Analyzing resources for namespace: app-namespace

Pod Resources and Usage:
+---------------------------+---------------+------------+------------------+--------------+------------+--------------+
| Name                      | CPU Requests  | CPU Limits | Memory Requests  | Memory Limits| CPU Usage  | Memory Usage |
+===========================+===============+============+==================+==============+============+==============+
| app-backend-57659b4b78-lzg6z| 500m          | 1          | 512Mi            | 1Gi          | 150m       | 600Mi        |
+---------------------------+---------------+------------+------------------+--------------+------------+--------------+
...

Node Resources:
+---------------+---------------+------------------+------------------+----------------------+
| Node Name     | CPU Capacity  | CPU Allocatable  | Memory Capacity  | Memory Allocatable   |
+===============+===============+==================+==================+======================+
| node-1        | 4             | 3.8              | 16Gi             | 15.5Gi               |
+---------------+---------------+------------------+------------------+----------------------+
...

This output allows us to quickly see if any pods are approaching their resource limits or if our nodes are under resource pressure.

Benefits and Use Cases

These tools offer several advantages:

  1. Quick Diagnostics: Rapidly identify problematic pods and common error patterns.
  2. Resource Optimization: Easily spot over- or under-provisioned pods.
  3. Customization: Extend the scripts to look for specific issues relevant to your applications.
  4. Lightweight: No need to install heavy monitoring solutions for basic diagnostics.
  5. Automation Friendly: Easily incorporate into CI/CD pipelines or chatops tools.
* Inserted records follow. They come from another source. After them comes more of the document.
(* The factor fact l ^ r * (\<Prod>i<r. (r - i) * l choose l) / fact (r * l) equals 1
   (fact_mult_eq_prod_choose); it is kept only to match the shape of the paper's formula. *)
lemma card_indep_extension_family_closed_form:
  fixes W :: "('a::{finite,field}^'n) set"
  defines "q \<equiv> CARD('a)" and "k \<equiv> CARD('n)" and "d \<equiv> vec.dim W"
  assumes "0 < l" and "d + r * l \<le> k"
  shows "real (card (indep_extension_family W l r)) =
           (fact l ^ r * real q ^ (r * d * l + r * (r - 1) * l^2 div 2)) / (fact (r * l) * fact r)
           * ((\<Prod>i<r * l. qbin1 q (k - d - i)) / (\<Prod>i<l. qbin1 q (l - i)) ^ r)
           * (\<Prod>i<r. real ((r - i) * l choose l))"
proof -
  define E where "E = r * d * l + r * (r - 1) * l^2 div 2"
  define \<Phi> where "\<Phi> = (\<Prod>i<l. real q ^ i * (real q - 1))"
  define P where "P = (\<Prod>i<l. qbin1 q (l - i))"
  define T where "T = (\<Prod>i<r * l. qbin1 q (k - d - i))"
  define y where "y = (\<Prod>i<r. real ((r - i) * l choose l))"
  have q: "1 < q"
    unfolding q_def by (rule card_field_gt_1)
  have "real (card (indep_extension_family W l r) * fact r * (\<Prod>i<l. q ^ l - q ^ i) ^ r) =
          real (\<Prod>j<r. \<Prod>i<l. q ^ k - q ^ (d + j * l + i))"
    unfolding q_def k_def d_def card_indep_extension_family[OF assms(4)] ..
  then have "real (card (indep_extension_family W l r)) * fact r * real (\<Prod>i<l. q ^ l - q ^ i) ^ r =
               real (\<Prod>j<r. \<Prod>i<l. q ^ k - q ^ (d + j * l + i))"
    by (simp only: of_nat_mult of_nat_fact of_nat_power)
  also have "real (\<Prod>j<r. \<Prod>i<l. q ^ k - q ^ (d + j * l + i)) =
               (\<Prod>j<r. real q ^ ((d + j * l) * l) * \<Phi> * (\<Prod>i<l. qbin1 q (k - (d + j * l) - i)))"
  proof (subst of_nat_prod, intro prod.cong refl)
    fix j assume "j \<in> {..<r}"
    then have "d + j * l + l \<le> k"
      using assms(5) mult_le_mono1[of "Suc j" r l] by simp
    then show "real (\<Prod>i<l. q ^ k - q ^ (d + j * l + i)) =
                 real q ^ ((d + j * l) * l) * \<Phi> * (\<Prod>i<l. qbin1 q (k - (d + j * l) - i))"
      unfolding \<Phi>_def by (rule of_nat_prod_pow_diff[OF q])
  qed
  also have "\<dots> = (\<Prod>j<r. real q ^ ((d + j * l) * l)) * \<Phi> ^ r *
                   (\<Prod>j<r. \<Prod>i<l. qbin1 q (k - d - (j * l + i)))"
    by (simp add: prod.distrib diff_diff_left add.assoc)
  also have "\<dots> = real q ^ E * \<Phi> ^ r * T"
    unfolding E_def T_def prod_lessThan_mult sum_block_exponent[symmetric] power_sum ..
  also have "real (\<Prod>i<l. q ^ l - q ^ i) = \<Phi> * P"
    using of_nat_prod_pow_diff[OF q, of 0 l l] unfolding \<Phi>_def P_def by simp
  finally have "\<Phi> ^ r * (real (card (indep_extension_family W l r)) * fact r * P ^ r) =
                  \<Phi> ^ r * (real q ^ E * T)"
    by (simp add: power_mult_distrib mult_ac)
  moreover have "\<Phi> \<noteq> 0"
    unfolding \<Phi>_def using q by simp
  ultimately have card_eq: "real (card (indep_extension_family W l r)) * fact r * P ^ r = real q ^ E * T"
    by simp
  have "real (fact (r * l)) = real ((\<Prod>i<r. (r - i) * l choose l) * fact l ^ r)"
    by (rule arg_cong[OF fact_mult_eq_prod_choose])
  then have fact_eq: "fact (r * l) = y * fact l ^ r"
    unfolding y_def by (simp only: of_nat_mult of_nat_fact of_nat_power of_nat_prod)
  then have "y \<noteq> 0"
    by (metis fact_nonzero mult_eq_0_iff)
  moreover have "0 < P"
    unfolding P_def using q by (intro prod_pos qbin1_pos) auto
  ultimately show ?thesis
    using card_eq fact_eq unfolding E_def[symmetric] P_def[symmetric] T_def[symmetric] y_def[symmetric]
    by (simp add: field_simps)
qed

lemma indep_family_eq_indep_extension_family:
  "indep_family l r = indep_extension_family {} l r"
  by (simp add: indep_family_def indep_extension_family_def)
(* Let $X$ be a random variable with mean zero, finite variance $\sigma^2>0$ and density $f_X=e^{-\varphi}$ with $\varphi$ differentiable, and suppose there are $x_l<0<x_r$ such that 1. $\varphi'(x)\le x/\sigma^2$ for $x\le x_l$, 2. $\varphi'(x)\ge x/\sigma^2$ for $x\ge x_r$. Let $X^*$ have the zero bias distribution of $X$, with density $f_{X^*}$. Then $f_{X^*}(x)\le f_X(x)$ for all $x\in(-\infty,x_l)\cup(x_r,\infty)$. If in addition $\mathbb{E}X^3=0$ and $f_X(x)\le f_{X^*}(x)$ for every $x\in(x_l,x_r)$, then $X^*$ is smaller than $X$ in the convex order.
   Context: Zero bias transform: for $X$ with mean zero and finite variance $\sigma^2$, $X^*$ has the zero bias distribution of $X$ if $\mathbb{E}[Xf(X)]=\sigma^2\mathbb{E}[f'(X^* )]$ for all absolutely continuous $f$ for which the expectations exist; $X^*$ is absolutely continuous with density $f_{X^*}(t)=\sigma^{-2}\mathbb{E}[X\mathbb{I}_{X>t}]=-\sigma^{-2}\mathbb{E}[X\mathbb{I}_{X\le t}]$. Convex order: $U$ is smaller than $V$ in the convex order if $\mathbb{E}g(U)\le\mathbb{E}g(V)$ for every convex $g$ with both expectations finite. *)

theory Defs
  imports "HOL-Probability.Probability"
begin

definition dens_var :: "(real \<Rightarrow> real) \<Rightarrow> real" where
  "dens_var f = (\<integral>x. x\<^sup>2 * f x \<partial>lborel)"

definition zero_bias_density :: "(real \<Rightarrow> real) \<Rightarrow> real \<Rightarrow> real" where
  "zero_bias_density f t =
     (\<integral>x. indicator {t<..} x * (x * f x) \<partial>lborel) / dens_var f"

definition convex_order_le :: "real measure \<Rightarrow> real measure \<Rightarrow> bool" where
  "convex_order_le M N \<longleftrightarrow>
     (\<forall>g::real \<Rightarrow> real. convex_on UNIV g \<longrightarrow> integrable M g \<longrightarrow> integrable N g \<longrightarrow>
        integral\<^sup>L M g \<le> integral\<^sup>L N g)"

end

theory Submission
  imports Defs
begin

text \<open>
  On the right tail, \<open>\<sigma>\<^sup>2 f\<^sup>*(t) = \<integral>\<^sub>t\<^sup>\<infinity> x f(x) dx\<close>, and the hypothesis on \<open>\<phi>'\<close> says
  \<open>x f(x) \<le> -\<sigma>\<^sup>2 f'(x)\<close> there, so the integral is at most \<open>\<sigma>\<^sup>2 f(t)\<close>; the left tail is the
  mirror image, using \<open>\<sigma>\<^sup>2 f\<^sup>*(t) = -\<integral>\<^sub>-\<^sub>\<infinity>\<^sup>t x f(x) dx\<close>.
  For the convex order, \<open>X\<^sup>*\<close> has total mass 1 and mean \<open>E X\<^sup>3 / (2\<sigma>\<^sup>2) = 0\<close>, like \<open>X\<close>. Hence
  for convex \<open>g\<close> and its chord \<open>L\<close> through \<open>x\<^sub>l\<close> and \<open>x\<^sub>r\<close>,
  \<open>E g(X) - E g(X\<^sup>*) = \<integral> (f - f\<^sup>*)(g - L) \<ge> 0\<close>: both factors are \<open>\<ge> 0\<close> outside \<open>[x\<^sub>l, x\<^sub>r]\<close>
  and \<open>\<le> 0\<close> inside.
\<close>

lemma set_integral_atLeast_le_of_deriv_bound:
  fixes u F F' :: "real \<Rightarrow> real"
  assumes u: "set_integrable lborel {a..} u"
    and F: "\<And>x. a \<le> x \<Longrightarrow> (F has_real_derivative F' x) (at x)"
    and le_F': "\<And>x. a \<le> x \<Longrightarrow> u x \<le> F' x"
    and F_le: "\<And>x. a \<le> x \<Longrightarrow> F x \<le> C"
  shows "(LBINT x:{a..}. u x) \<le> C - F a"
proof (rule tendsto_le[OF _ tendsto_const])
  show "((\<lambda>b. LBINT x:{a..b}. u x) \<longlongrightarrow> (LBINT x:{a..}. u x)) at_top"
    by (rule tendsto_set_lebesgue_integral_at_top[OF _ u]) simp
  show "eventually (\<lambda>b. (LBINT x:{a..b}. u x) \<le> C - F a) at_top"
    unfolding eventually_at_top_linorder
  proof (intro exI allI impI)
    fix b assume "a \<le> b"
    have "set_integrable lborel {a..b} u"
      by (rule set_integrable_subset[OF u]) auto
    then have "(LBINT x:{a..b}. u x) = integral {a..b} u" and "u integrable_on {a..b}"
      by (simp_all add: set_borel_integral_eq_integral)
    moreover have "(F' has_integral (F b - F a)) {a..b}"
      using \<open>a \<le> b\<close> F
      by (intro fundamental_theorem_of_calculus)
         (auto simp: has_real_derivative_iff_has_vector_derivative intro: has_vector_derivative_at_within)
    ultimately have "(LBINT x:{a..b}. u x) \<le> F b - F a"
      using le_F' by (auto intro: has_integral_le)
    then show "(LBINT x:{a..b}. u x) \<le> C - F a"
      using F_le[of b] \<open>a \<le> b\<close> by linarith
  qed
qed simp

lemma set_integral_atMost_le_of_deriv_bound:
  fixes u F F' :: "real \<Rightarrow> real"
  assumes u: "set_integrable lborel {..b} u"
    and F: "\<And>x. x \<le> b \<Longrightarrow> (F has_real_derivative F' x) (at x)"
    and le_F': "\<And>x. x \<le> b \<Longrightarrow> u x \<le> F' x"
    and F_ge: "\<And>x. x \<le> b \<Longrightarrow> C \<le> F x"
  shows "(LBINT x:{..b}. u x) \<le> F b - C"
proof -
  have "integrable lborel (\<lambda>x. indicator {..b} (0 + -1 * x) *\<^sub>R u (0 + -1 * x))"
    using u unfolding set_integrable_def by (rule lborel_integrable_real_affine) simp
  then have "set_integrable lborel {-b..} (\<lambda>x. u (- x))"
    unfolding set_integrable_def by (simp add: indicator_def minus_le_iff)
  moreover have "((\<lambda>x. - F (- x)) has_real_derivative F' (- x)) (at x)" if "- b \<le> x" for x
  proof -
    have "((\<lambda>x. F (- x)) has_real_derivative F' (- x) * - 1) (at x)"
      using that by (intro DERIV_chain2[OF F]) (auto intro!: derivative_eq_intros)
    then show ?thesis
      using DERIV_minus by fastforce
  qed
  ultimately have "(LBINT x:{-b..}. u (- x)) \<le> - C - (- F (- (- b)))"
    using le_F' F_ge
    by (intro set_integral_atLeast_le_of_deriv_bound[where F="\<lambda>x. - F (- x)" and F'="\<lambda>x. F' (- x)"])
       auto
  moreover have "(LBINT x:{..b}. u x) = (LBINT x:{-b..}. u (- x))"
    by (subst set_integral_reflect) (auto intro!: arg_cong2[where f="set_lebesgue_integral lborel"])
  ultimately show ?thesis by simp
qed

lemma convex_on_chord_le:
  fixes g :: "real \<Rightarrow> real"
  assumes g: "convex_on UNIV g" and "a < b" and x: "x \<le> a \<or> b \<le> x"
  shows "g a + (g b - g a) / (b - a) * (x - a) \<le> g x"
proof -
  define m where "m = (g b - g a) / (b - a)"
  have m: "m = (g a - g b) / (a - b)"
    unfolding m_def by (metis minus_diff_eq minus_divide_divide)
  consider "x < a" | "x = a" | "a < x" using x by linarith
  then have "m * (x - a) \<le> g x - g a"
  proof cases
    case 1
    have "(g x - g a) / (x - a) \<le> m"
      using convex_on_slope_le[OF g _ _ 1 \<open>a < b\<close>] m by simp
    with 1 show ?thesis by (simp add: divide_le_eq)
  next
    case 3
    with x have "b \<le> x" by linarith
    have "m \<le> (g a - g x) / (a - x)"
    proof (cases "b = x")
      case False
      with \<open>b \<le> x\<close> show ?thesis
        using convex_on_slope_le(1)[OF g _ _ \<open>a < b\<close>, of x] m by simp
    qed (simp add: m)
    then have "m \<le> (g x - g a) / (x - a)"
      by (metis minus_diff_eq minus_divide_divide)
    with 3 show ?thesis by (simp add: le_divide_eq)
  qed simp
  then show ?thesis unfolding m_def by simp
qed

lemma convex_order_le_density_two_crossings:
  fixes p q :: "real \<Rightarrow> real"
  assumes nonneg: "\<And>x. 0 \<le> p x" "\<And>x. 0 \<le> q x"
    and mass: "has_bochner_integral lborel p c" "has_bochner_integral lborel q c"
    and mean: "has_bochner_integral lborel (\<lambda>x. x * p x) \<mu>"
      "has_bochner_integral lborel (\<lambda>x. x * q x) \<mu>"
    and "a < b"
    and outside: "\<And>x. x < a \<or> b < x \<Longrightarrow> p x \<le> q x"
    and inside: "\<And>x. a < x \<Longrightarrow> x < b \<Longrightarrow> q x \<le> p x"
  shows "convex_order_le (density lborel (\<lambda>x. ennreal (p x))) (density lborel (\<lambda>x. ennreal (q x)))"
  unfolding convex_order_le_def
proof (intro allI impI)
  fix g :: "real \<Rightarrow> real"
  assume g: "convex_on UNIV g"
    and int_p: "integrable (density lborel (\<lambda>x. ennreal (p x))) g"
    and int_q: "integrable (density lborel (\<lambda>x. ennreal (q x))) g"
  have [measurable]: "g \<in> borel_measurable borel" "p \<in> borel_measurable borel" "q \<in> borel_measurable borel"
    using convex_on_continuous[OF open_UNIV g] mass
    by (auto intro: borel_measurable_continuous_onI dest: has_bochner_integral_integrable borel_measurable_integrable)
  let ?Ep = "integral\<^sup>L (density lborel (\<lambda>x. ennreal (p x))) g"
    and ?Eq = "integral\<^sup>L (density lborel (\<lambda>x. ennreal (q x))) g"
  define m where "m = (g b - g a) / (b - a)"
  define L where "L x = g a + m * (x - a)" for x
  have "has_bochner_integral lborel (\<lambda>x. p x * g x) ?Ep"
    and "has_bochner_integral lborel (\<lambda>x. q x * g x) ?Eq"
    using int_p int_q nonneg by (simp_all add: has_bochner_integral_iff integrable_density integral_density)
  then have "has_bochner_integral lborel
      (\<lambda>x. (q x * g x - p x * g x) - (g a - m * a) * (q x - p x) - m * (x * q x - x * p x))
      (?Eq - ?Ep - (g a - m * a) * (c - c) - m * (\<mu> - \<mu>))"
    using mass mean by (intro has_bochner_integral_diff has_bochner_integral_mult_right)
  then have H: "has_bochner_integral lborel (\<lambda>x. (q x - p x) * (g x - L x)) (?Eq - ?Ep)"
    by (rule has_bochner_integral_cong[THEN iffD1, rotated 3]) (auto simp: L_def algebra_simps)
  have "0 \<le> (q x - p x) * (g x - L x)" for x
  proof -
    consider "x < a \<or> b < x" | "x = a \<or> x = b" | "a < x \<and> x < b" by linarith
    then show ?thesis
    proof cases
      case 1
      then have "L x \<le> g x"
        using convex_on_chord_le[OF g \<open>a < b\<close>, of x] by (auto simp: L_def m_def)
      with 1 outside show ?thesis by simp
    next
      case 2
      with \<open>a < b\<close> show ?thesis by (auto simp: L_def m_def)
    next
      case 3
      then have "g x \<le> L x"
        using convex_onD_Icc'[OF convex_on_subset[OF g], of a b x] by (simp add: L_def m_def)
      with 3 inside show ?thesis by (simp add: mult_nonpos_nonpos)
    qed
  qed
  then have "0 \<le> (\<integral>x. (q x - p x) * (g x - L x) \<partial>lborel)"
    by (rule Bochner_Integration.integral_nonneg)
  then show "?Ep \<le> ?Eq"
    using has_bochner_integral_integral_eq[OF H] by simp
qed

lemma has_bochner_integral_of_nn_integral_parts:
  fixes u v :: "'a \<Rightarrow> real"
  assumes [measurable]: "u \<in> borel_measurable M" and v: "integrable M v"
    and pos: "(\<integral>\<^sup>+x. ennreal (u x) \<partial>M) = (\<integral>\<^sup>+x. ennreal (v x) \<partial>M)"
    and neg: "(\<integral>\<^sup>+x. ennreal (- u x) \<partial>M) = (\<integral>\<^sup>+x. ennreal (- v x) \<partial>M)"
  shows "has_bochner_integral M u (integral\<^sup>L M v)"
proof -
  have "integrable M u"
    using v unfolding real_integrable_def pos neg by simp
  with v show ?thesis
    by (simp add: has_bochner_integral_iff real_lebesgue_integral_def pos neg)
qed

text \<open>
  \<open>X\<^sup>*\<close> is distributed as \<open>U X\<^sup>\<box>\<close>, with \<open>U\<close> uniform on \<open>[0, 1]\<close> and independent of the
  square-biased \<open>X\<^sup>\<box>\<close> of density \<open>x\<^sup>2 f(x) / \<sigma>\<^sup>2\<close>; the kernel is the joint density of
  \<open>(X\<^sup>*, X\<^sup>\<box>)\<close>, and Tonelli's theorem turns moments of \<open>X\<^sup>*\<close> into moments of \<open>X\<close>.
\<close>
definition zero_bias_kernel :: "(real \<Rightarrow> real) \<Rightarrow> real \<Rightarrow> real \<Rightarrow> real" where
  "zero_bias_kernel f t x = \<bar>x\<bar> * f x / dens_var f * indicator {min 0 x..<max 0 x} t"

lemma zero_bias_kernel_eq:
  "zero_bias_kernel f t x =
     (if 0 \<le> t then indicator {t<..} x * (x * f x) else indicator {..t} x * - (x * f x)) / dens_var f"
  by (auto simp: zero_bias_kernel_def indicator_def)

lemma zero_bias_kernel_measurable [measurable]:
  assumes [measurable]: "f \<in> borel_measurable borel"
  shows "case_prod (zero_bias_kernel f) \<in> borel_measurable (lborel \<Otimes>\<^sub>M lborel)"
proof -
  have "case_prod (zero_bias_kernel f) =
      (\<lambda>(t, x). \<bar>x\<bar> * f x / dens_var f * of_bool (min 0 x \<le> t \<and> t < max 0 x))"
    by (auto simp: zero_bias_kernel_def indicator_def fun_eq_iff)
  then show ?thesis
    by simp
qed

lemma nn_integral_segment_linear:
  fixes c x :: real
  shows "(\<integral>\<^sup>+t\<in>{min 0 x..<max 0 x}. ennreal (c * t) \<partial>lborel) = ennreal (c * x * \<bar>x\<bar> / 2)"
proof -
  have "(\<integral>\<^sup>+t\<in>{min 0 x..<max 0 x}. ennreal (c * t) \<partial>lborel)
      = (\<integral>\<^sup>+t. ennreal (c * t) * indicator {min 0 x..max 0 x} t \<partial>lborel)"
    using AE_lborel_singleton[of "max 0 x"]
    by (intro nn_integral_cong_AE) (auto simp: indicator_def elim!: eventually_mono)
  also have "\<dots> = ennreal (c * x * \<bar>x\<bar> / 2)"
  proof (cases "0 \<le> c * x")
    case True
    have "0 \<le> c * t" if "t \<in> {min 0 x..max 0 x}" for t
      using that True by (auto simp: min_def max_def zero_le_mult_iff split: if_splits)
    then have "(\<integral>\<^sup>+t. ennreal (c * t) * indicator {min 0 x..max 0 x} t \<partial>lborel)
        = ennreal (c * (max 0 x)\<^sup>2 / 2 - c * (min 0 x)\<^sup>2 / 2)"
      by (intro nn_integral_FTC_Icc) (auto intro!: derivative_eq_intros)
    then show ?thesis
      by (auto simp: max_def min_def power2_eq_square mult.assoc)
  next
    case False
    have "c * t \<le> 0" if "t \<in> {min 0 x..max 0 x}" for t
      using that False by (auto simp: min_def max_def zero_le_mult_iff mult_le_0_iff split: if_splits)
    then have "(\<integral>\<^sup>+t. ennreal (c * t) * indicator {min 0 x..max 0 x} t \<partial>lborel) = 0"
      by (intro nn_integral_zero') (auto simp: indicator_def ennreal_neg)
    moreover have "c * x * \<bar>x\<bar> / 2 \<le> 0"
      using False by (intro divide_nonpos_pos mult_nonpos_nonneg[of "c * x"]) auto
    ultimately show ?thesis
      by (simp add: ennreal_neg)
  qed
  finally show ?thesis .
qed
section \<open>Changes of variables for Lebesgue measure\<close>

lemma nn_integral_lborel_affine:
  fixes t :: "'a::euclidean_space" and f :: "'a \<Rightarrow> ennreal"
  assumes [measurable]: "f \<in> borel_measurable borel" and "c \<noteq> 0"
  shows "(\<integral>\<^sup>+x. f x \<partial>lborel) = ennreal (\<bar>c\<bar> ^ DIM('a)) * (\<integral>\<^sup>+y. f (t + c *\<^sub>R y) \<partial>lborel)"
  by (subst lborel_affine[OF \<open>c \<noteq> 0\<close>, of t])
     (simp add: nn_integral_density nn_integral_distr nn_integral_cmult)

lemma nn_integral_lborel_swap_continuous:
  fixes f :: "'a::euclidean_space \<Rightarrow> 'b::euclidean_space \<Rightarrow> real"
  assumes "continuous_on UNIV (\<lambda>p. f (fst p) (snd p))"
  shows "(\<integral>\<^sup>+y. (\<integral>\<^sup>+x. ennreal (f x y) \<partial>lborel) \<partial>lborel) = (\<integral>\<^sup>+x. (\<integral>\<^sup>+y. ennreal (f x y) \<partial>lborel) \<partial>lborel)"
proof (rule lborel_pair.Fubini')
  have [measurable]: "(\<lambda>p. f (fst p) (snd p)) \<in> borel_measurable borel"
    using assms by (rule borel_measurable_continuous_onI)
  show "(\<lambda>(x, y). ennreal (f x y)) \<in> borel_measurable (lborel \<Otimes>\<^sub>M lborel)"
    unfolding lborel_prod measurable_lborel2 by (simp add: case_prod_beta')
qed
We've found these scripts particularly useful for:

  • Troubleshooting batch job failures
  • Capacity planning and resource allocation
  • Quick health checks during deployments

Conclusion

While these custom scripts don't replace comprehensive monitoring solutions, they provide a quick and effective way to gain insights into your Kubernetes clusters. By focusing on common pain points – error analysis and resource utilization – they've become valuable tools in our DevOps toolkit.

Remember, the key to effective DevOps is not just having the right tools, but knowing when and how to use them. These scripts serve as a starting point; feel free to adapt and extend them to meet your specific needs.

Happy monitoring!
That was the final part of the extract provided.